Душевное состояние Булгакова в 19161917 годах и несколько позже, как мы убедились, объяснимо. Можно понять и его наивное желание стать певцом, появившееся в 1909 году – использовать вокальное мастерство как способ покорить сердце любимой женщины. А что же Кира Алексеевна? Что было с ней в 19081909 году? На этот вопрос ответить могли бы её письма – те, что писала она своей подруге, смею думать, в то время самой близкой из всех, княжне Анжелике Михайловне Гирей. Увы, о том, что было в письмах Киры Алексеевны, мы вряд ли когда-нибудь узнаем – в архиве княгини Александры Козловской в Пушкинском музее есть только письма, адресованные семье Козловских. Вот что написала княжна Анжелика Гирей в ответ на послание Киры Блохиной:
«Милая моя Кира!
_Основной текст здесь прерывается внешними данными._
(* Let $A$ be a metabelian Lie algebra over a field $k$ and let $J$ be either $A^2$ or $\mathrm{Fit}(A)$ (the latter in case $\mathrm{Fit}(A)$ is abelian). Let $\{a_\alpha:\alpha\in\Lambda\}\subseteq A$ be a family whose images form a basis of $A/J$, let $R=k[x_\alpha:\alpha\in\Lambda]$ with $J$ regarded as an $R$-module, and let $\{b_\beta:\beta\in B\}$ be a generating set of the $R$-module $J$. Let $f\in R$ have zero constant term, written as $f=x_{j_1}f_1+\dots+x_{j_q}f_q$ with $j_1,\dots,j_q\in\Lambda$, $f_1,\dots,f_q\in R$. Then there is a Lie algebra homomorphism $\varphi:A\to A$ with $\varphi(b_\beta)=b_\beta\cdot(1+f)$ for all $\beta\in B$ and $\varphi(a_\alpha)=a_\alpha+h_\alpha$ for all $\alpha\in\Lambda$, where $h_\alpha=(a_\alpha\circ a_{j_1})\cdot f_1+\dots+(a_\alpha\circ a_{j_q})\cdot f_q\in A^2$. Moreover, if $J$ is a torsion-free $R$-module, then $\varphi$ is injective.
   Context: A Lie algebra is metabelian if $(a\circ b)\circ(c\circ d)=0$ identically; $A^2$ is the ideal spanned by all products $a\circ b$; $\mathrm{Fit}(A)$ is the ideal generated by all elements lying in nilpotent ideals. For an abelian ideal $J\supseteq A^2$ and a family $\{a_\alpha\}$ as in the claim, $J$ is an $R$-module via $b\cdot x_\alpha=b\circ a_\alpha$ ($b\in J$), extended multiplicatively and $k$-linearly (this is well defined). The family $\{a_\alpha\}\cup\{b_\beta\}$ generates $A$ as a Lie algebra. *)

theory Defs
  imports Complex_Main "HOL-Library.Poly_Mapping"
begin

text \<open>A Lie algebra over a field 'k: the carrier is the whole type 'v, a vector space
  via the scalar multiplication sc, with Lie bracket br.\<close>

definition lie_algebra :: "('k::field \<Rightarrow> 'v::ab_group_add \<Rightarrow> 'v) \<Rightarrow> ('v \<Rightarrow> 'v \<Rightarrow> 'v) \<Rightarrow> bool" where
  "lie_algebra sc br \<longleftrightarrow> vector_space sc
     \<and> (\<forall>x y z. br (x + y) z = br x z + br y z)
     \<and> (\<forall>x y z. br x (y + z) = br x y + br x z)
     \<and> (\<forall>c x y. br (sc c x) y = sc c (br x y))
     \<and> (\<forall>c x y. br x (sc c y) = sc c (br x y))
     \<and> (\<forall>x. br x x = 0)
     \<and> (\<forall>x y z. br x (br y z) + br y (br z x) + br z (br x y) = 0)"

definition metabelian :: "('v \<Rightarrow> 'v \<Rightarrow> 'v::zero) \<Rightarrow> bool" where
  "metabelian br \<longleftrightarrow> (\<forall>a b c d. br (br a b) (br c d) = 0)"

definition lie_ideal :: "('k::field \<Rightarrow> 'v::ab_group_add \<Rightarrow> 'v) \<Rightarrow> ('v \<Rightarrow> 'v \<Rightarrow> 'v) \<Rightarrow> 'v set \<Rightarrow> bool" where
  "lie_ideal sc br I \<longleftrightarrow> module.subspace sc I \<and> (\<forall>x i. i \<in> I \<longrightarrow> br x i \<in> I)"

definition derived :: "('k::field \<Rightarrow> 'v::ab_group_add \<Rightarrow> 'v) \<Rightarrow> ('v \<Rightarrow> 'v \<Rightarrow> 'v) \<Rightarrow> 'v set" where
  "derived sc br = module.span sc {br x y | x y. True}"

fun lcs :: "('k::field \<Rightarrow> 'v::ab_group_add \<Rightarrow> 'v) \<Rightarrow> ('v \<Rightarrow> 'v \<Rightarrow> 'v) \<Rightarrow> 'v set \<Rightarrow> nat \<Rightarrow> 'v set" where
  "lcs sc br I 0 = I"
| "lcs sc br I (Suc n) = module.span sc {br x y | x y. x \<in> I \<and> y \<in> lcs sc br I n}"

definition nilpotent_ideal :: "('k::field \<Rightarrow> 'v::ab_group_add \<Rightarrow> 'v) \<Rightarrow> ('v \<Rightarrow> 'v \<Rightarrow> 'v) \<Rightarrow> 'v set \<Rightarrow> bool" where
  "nilpotent_ideal sc br I \<longleftrightarrow> lie_ideal sc br I \<and> (\<exists>n. lcs sc br I n = {0})"

definition fitting :: "('k::field \<Rightarrow> 'v::ab_group_add \<Rightarrow> 'v) \<Rightarrow> ('v \<Rightarrow> 'v \<Rightarrow> 'v) \<Rightarrow> 'v set" where
  "fitting sc br = \<Inter> {I. lie_ideal sc br I \<and> \<Union> {N. nilpotent_ideal sc br N} \<subseteq> I}"

definition abelian_set :: "('v \<Rightarrow> 'v \<Rightarrow> 'v::zero) \<Rightarrow> 'v set \<Rightarrow> bool" where
  "abelian_set br J \<longleftrightarrow> (\<forall>x\<in>J. \<forall>y\<in>J. br x y = 0)"

text \<open>The images of the family a form a basis of A/J.\<close>
definition basis_mod :: "('k::field \<Rightarrow> 'v::ab_group_add \<Rightarrow> 'v) \<Rightarrow> 'v set \<Rightarrow> ('l \<Rightarrow> 'v) \<Rightarrow> bool" where
  "basis_mod sc J a \<longleftrightarrow>
     (\<forall>F c. finite F \<longrightarrow> (\<Sum>\<alpha>\<in>F. sc (c \<alpha>) (a \<alpha>)) \<in> J \<longrightarrow> (\<forall>\<alpha>\<in>F. c \<alpha> = 0))
   \<and> (\<forall>v. \<exists>F c. finite F \<and> v - (\<Sum>\<alpha>\<in>F. sc (c \<alpha>) (a \<alpha>)) \<in> J)"

text \<open>R = k[x_alpha]: polynomials as finitely supported maps from monomials (exponent
  vectors) to coefficients. The variable x_alpha: \<close>
definition pvar :: "'l \<Rightarrow> ('l \<Rightarrow>\<^sub>0 nat) \<Rightarrow>\<^sub>0 'k::comm_ring_1" where
  "pvar \<alpha> = Poly_Mapping.single (Poly_Mapping.single \<alpha> 1) 1"

text \<open>Action of a monomial x^m on b: apply (- \<circ> a_alpha) m(alpha) times for each alpha
  (these operators commute on J, so the order is irrelevant there).\<close>
definition mono_act :: "('v \<Rightarrow> 'v \<Rightarrow> 'v) \<Rightarrow> ('l \<Rightarrow> 'v) \<Rightarrow> ('l \<Rightarrow>\<^sub>0 nat) \<Rightarrow> 'v \<Rightarrow> 'v" where
  "mono_act br a m b = Finite_Set.fold (\<lambda>\<alpha> v. ((\<lambda>w. br w (a \<alpha>)) ^^ Poly_Mapping.lookup m \<alpha>) v) b (Poly_Mapping.keys m)"

definition poly_act :: "('k::comm_ring_1 \<Rightarrow> 'v::ab_group_add \<Rightarrow> 'v) \<Rightarrow> ('v \<Rightarrow> 'v \<Rightarrow> 'v) \<Rightarrow> ('l \<Rightarrow> 'v)
    \<Rightarrow> 'v \<Rightarrow> (('l \<Rightarrow>\<^sub>0 nat) \<Rightarrow>\<^sub>0 'k) \<Rightarrow> 'v" where
  "poly_act sc br a b p = (\<Sum>m\<in>Poly_Mapping.keys p. sc (Poly_Mapping.lookup p m) (mono_act br a m b))"

definition generates_module :: "('k::field \<Rightarrow> 'v::ab_group_add \<Rightarrow> 'v) \<Rightarrow> ('v \<Rightarrow> 'v \<Rightarrow> 'v) \<Rightarrow> ('l \<Rightarrow> 'v)
    \<Rightarrow> 'v set \<Rightarrow> ('b \<Rightarrow> 'v) \<Rightarrow> bool" where
  "generates_module sc br a J g \<longleftrightarrow> range g \<subseteq> J \<and>
     (\<forall>v\<in>J. \<exists>F r. finite F \<and> v = (\<Sum>\<beta>\<in>F. poly_act sc br a (g \<beta>) (r \<beta>)))"

definition torsion_free :: "('k::field \<Rightarrow> 'v::ab_group_add \<Rightarrow> 'v) \<Rightarrow> ('v \<Rightarrow> 'v \<Rightarrow> 'v) \<Rightarrow> ('l \<Rightarrow> 'v)
    \<Rightarrow> 'v set \<Rightarrow> bool" where
  "torsion_free sc br a J \<longleftrightarrow> (\<forall>v\<in>J. \<forall>p. p \<noteq> 0 \<longrightarrow> poly_act sc br a v p = 0 \<longrightarrow> v = 0)"

definition lie_hom :: "('k::field \<Rightarrow> 'v::ab_group_add \<Rightarrow> 'v) \<Rightarrow> ('v \<Rightarrow> 'v \<Rightarrow> 'v) \<Rightarrow> ('v \<Rightarrow> 'v) \<Rightarrow> bool" where
  "lie_hom sc br \<phi> \<longleftrightarrow> Vector_Spaces.linear sc sc \<phi> \<and> (\<forall>x y. \<phi> (br x y) = br (\<phi> x) (\<phi> y))"

end

theory Submission imports Defs begin

text \<open>
  J is a module over R = k[x_\<alpha>] because the operators b \<mapsto> [b, a_\<alpha>] commute on J: their
  commutator is ad [a_\<alpha>, a_\<beta>], and [a_\<alpha>, a_\<beta>] lies in the abelian ideal J. Since the a_\<alpha> form
  a basis modulo J, a linear map on A is given freely by its values on the a_\<alpha> and its restriction
  to J; take a_\<alpha> \<mapsto> a_\<alpha> + h_\<alpha> and u \<mapsto> u \<cdot> (1 + f) on J. It preserves brackets as soon as it does
  so on pairs of generators. For two elements of J both sides vanish; for u \<in> J and a_\<gamma> this is
  the R-linearity of multiplication by 1 + f; for a_\<alpha> and a_\<gamma> the Jacobi identity turns
  [a_\<alpha>, a_\<gamma>] \<cdot> x_j into [a_\<alpha>, a_j] \<cdot> x_\<gamma> - [a_\<gamma>, a_j] \<cdot> x_\<alpha>, which is what the h_\<alpha> are designed
  to absorb. If J is torsion free, multiplication by 1 + f \<noteq> 0 is injective on J, and as
  \<phi>(a_\<alpha>) \<equiv> a_\<alpha> modulo J, \<phi> is injective.
\<close>

lemma poly_mapping_sum_single:
  "(\<Sum>m\<in>Poly_Mapping.keys p. Poly_Mapping.single m (Poly_Mapping.lookup p m)) = p"
  by (rule poly_mapping_eqI) (simp add: lookup_sum lookup_single when_def in_keys_iff)

locale lie_alg =
  fixes sc :: "'k::field \<Rightarrow> 'v::ab_group_add \<Rightarrow> 'v" and br :: "'v \<Rightarrow> 'v \<Rightarrow> 'v"
  assumes lie: "lie_algebra sc br"
begin

sublocale vector_space sc
  using lie by (simp add: lie_algebra_def)

lemma bracket_add_left: "br (x + y) z = br x z + br y z"
  and bracket_add_right: "br x (y + z) = br x y + br x z"
  and bracket_scale_left: "br (sc c x) y = sc c (br x y)"
  and bracket_scale_right: "br x (sc c y) = sc c (br x y)"
  and bracket_self: "br x x = 0"
  and jacobi: "br x (br y z) + br y (br z x) + br z (br x y) = 0"
  using lie by (simp_all add: lie_algebra_def)

lemma bracket_zero_left [simp]: "br 0 y = 0"
  using bracket_add_left[of 0 0 y] by simp

lemma bracket_zero_right [simp]: "br x 0 = 0"
  using bracket_add_right[of x 0 0] by simp

lemma bracket_neg_left: "br (- x) y = - br x y"
  using bracket_add_left[of x "- x" y] by (simp add: eq_neg_iff_add_eq_0 add.commute)

lemma bracket_anticomm: "br x y = - br y x"
proof -
  have "br (x + y) (x + y) = br x x + br y x + (br x y + br y y)"
    by (simp only: bracket_add_left bracket_add_right)
  then have "br x y + br y x = 0"
    by (simp add: bracket_self add.commute)
  then show ?thesis
    by (simp add: eq_neg_iff_add_eq_0)
qed

lemma bracket_derivation: "br (br x y) z = br (br x z) y - br (br y z) x"
proof -
  have "br y (br z x) = br (br x z) y"
    by (metis bracket_anticomm bracket_neg_left minus_minus)
  then have "- br (br y z) x + br (br x z) y + - br (br x y) z = 0"
    using jacobi[of x y z] bracket_anticomm[of x "br y z"] bracket_anticomm[of z "br x y"]
    by (simp only:)
  then show ?thesis
    by (simp add: algebra_simps)
qed

lemma bracket_in_derived: "br x y \<in> derived sc br"
  unfolding derived_def by (rule span_base) blast

lemma subspace_derived: "subspace (derived sc br)"
  by (simp add: derived_def)

lemma subspace_fitting: "subspace (fitting sc br)"
  unfolding fitting_def lie_ideal_def by (rule subspace_Inter) blast

lemma derived_abelian:
  assumes "metabelian br"
  shows "abelian_set br (derived sc br)"
proof -
  have bracket_generator: "br u (br x y) = 0" if "u \<in> derived sc br" for u x y
    using that unfolding derived_def
  proof (induct rule: span_induct_alt)
    case (step c v w)
    then show ?case
      using assms by (auto simp: metabelian_def bracket_add_left bracket_scale_left)
  qed simp
  have "br u w = 0" if "u \<in> derived sc br" "w \<in> derived sc br" for u w
    using that(2) unfolding derived_def
  proof (induct rule: span_induct_alt)
    case (step c v w)
    then show ?case
      using bracket_generator[OF that(1)] by (auto simp: bracket_add_right bracket_scale_right)
  qed simp
  then show ?thesis
    unfolding abelian_set_def by blast
qed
Твоё письмо меня очень и очень огорчило. Даже испугало. Таким унынием, отчаянием веет от него, что просто холодно на душе… Друг мой милый, не падай духом, возьми себя в руки и мужественно борись с горем, если таковое тебя гнетёт. Жизнь мало к кому обращалась хорошей и светлой стороной, и поверь мне, у каждого есть своё горе, важно только не опускать крыльев. Тяжелее всего жить без надежды в будущее, а у тебя есть вера в то, что горе минует, значит временные горести можно и должно перенести бодро. Малодушие и уныние есть грех, с которым нельзя не бороться, а в твои года, когда жизнь с её горестями только начинается, негоже складывать оружие, хотя бы ради того, что в этом падении воли и духа очень меняется душа и все радости жизни пройдут мимо тебя и лучшие твои годы будут прожиты бесполезно, т.к. ни душа, ни ум, ни сердце не могут развиваться в том подавленном состоянии, в котором ты находишься…»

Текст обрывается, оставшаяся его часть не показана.